Aim of the task: Each line of the data holding "smooth" should be found and copied.

Provided records:
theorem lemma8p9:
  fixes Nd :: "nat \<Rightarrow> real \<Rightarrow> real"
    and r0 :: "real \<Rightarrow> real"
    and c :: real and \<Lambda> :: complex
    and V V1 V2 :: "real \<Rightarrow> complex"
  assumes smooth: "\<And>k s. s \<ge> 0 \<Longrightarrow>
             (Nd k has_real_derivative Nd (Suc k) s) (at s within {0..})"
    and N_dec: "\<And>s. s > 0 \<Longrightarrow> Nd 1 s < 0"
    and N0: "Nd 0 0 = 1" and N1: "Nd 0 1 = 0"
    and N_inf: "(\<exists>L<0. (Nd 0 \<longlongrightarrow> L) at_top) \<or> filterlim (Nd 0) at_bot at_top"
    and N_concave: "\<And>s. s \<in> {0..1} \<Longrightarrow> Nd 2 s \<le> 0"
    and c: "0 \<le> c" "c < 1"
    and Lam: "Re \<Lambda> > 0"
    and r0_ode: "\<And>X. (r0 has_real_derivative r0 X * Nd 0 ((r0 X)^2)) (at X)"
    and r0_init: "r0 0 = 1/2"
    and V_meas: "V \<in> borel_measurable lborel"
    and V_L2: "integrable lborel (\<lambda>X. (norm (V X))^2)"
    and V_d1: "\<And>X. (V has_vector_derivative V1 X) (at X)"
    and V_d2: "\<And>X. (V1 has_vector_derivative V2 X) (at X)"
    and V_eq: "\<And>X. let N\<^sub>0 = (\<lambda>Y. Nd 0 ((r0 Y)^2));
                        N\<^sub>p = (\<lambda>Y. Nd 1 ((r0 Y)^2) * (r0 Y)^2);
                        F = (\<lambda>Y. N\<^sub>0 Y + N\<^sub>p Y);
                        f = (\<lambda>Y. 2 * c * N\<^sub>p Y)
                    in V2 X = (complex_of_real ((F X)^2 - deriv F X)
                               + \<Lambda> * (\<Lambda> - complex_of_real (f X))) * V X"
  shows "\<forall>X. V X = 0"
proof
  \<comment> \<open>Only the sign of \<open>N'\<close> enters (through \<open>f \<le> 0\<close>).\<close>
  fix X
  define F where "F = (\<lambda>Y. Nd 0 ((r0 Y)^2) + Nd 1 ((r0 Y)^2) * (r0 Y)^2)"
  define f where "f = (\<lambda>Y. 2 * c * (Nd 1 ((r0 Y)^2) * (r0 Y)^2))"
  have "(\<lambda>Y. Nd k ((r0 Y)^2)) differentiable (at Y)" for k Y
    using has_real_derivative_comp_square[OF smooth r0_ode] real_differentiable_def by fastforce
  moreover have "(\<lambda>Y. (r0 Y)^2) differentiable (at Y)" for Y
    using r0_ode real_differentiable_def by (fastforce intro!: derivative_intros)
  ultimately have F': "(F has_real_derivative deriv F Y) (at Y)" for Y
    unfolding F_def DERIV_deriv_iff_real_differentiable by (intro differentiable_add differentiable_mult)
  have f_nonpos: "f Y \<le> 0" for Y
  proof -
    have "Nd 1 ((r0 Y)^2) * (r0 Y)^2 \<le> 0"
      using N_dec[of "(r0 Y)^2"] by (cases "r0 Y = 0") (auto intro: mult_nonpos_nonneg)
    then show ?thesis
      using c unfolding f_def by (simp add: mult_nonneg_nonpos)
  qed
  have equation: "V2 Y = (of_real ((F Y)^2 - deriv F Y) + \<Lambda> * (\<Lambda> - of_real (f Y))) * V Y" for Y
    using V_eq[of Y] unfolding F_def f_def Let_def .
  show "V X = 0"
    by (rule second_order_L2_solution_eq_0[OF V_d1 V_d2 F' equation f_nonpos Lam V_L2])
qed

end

Task response:
  assumes smooth: "\<And>k s. s \<ge> 0 \<Longrightarrow>
    using has_real_derivative_comp_square[OF smooth r0_ode] real_differentiable_def by fastforce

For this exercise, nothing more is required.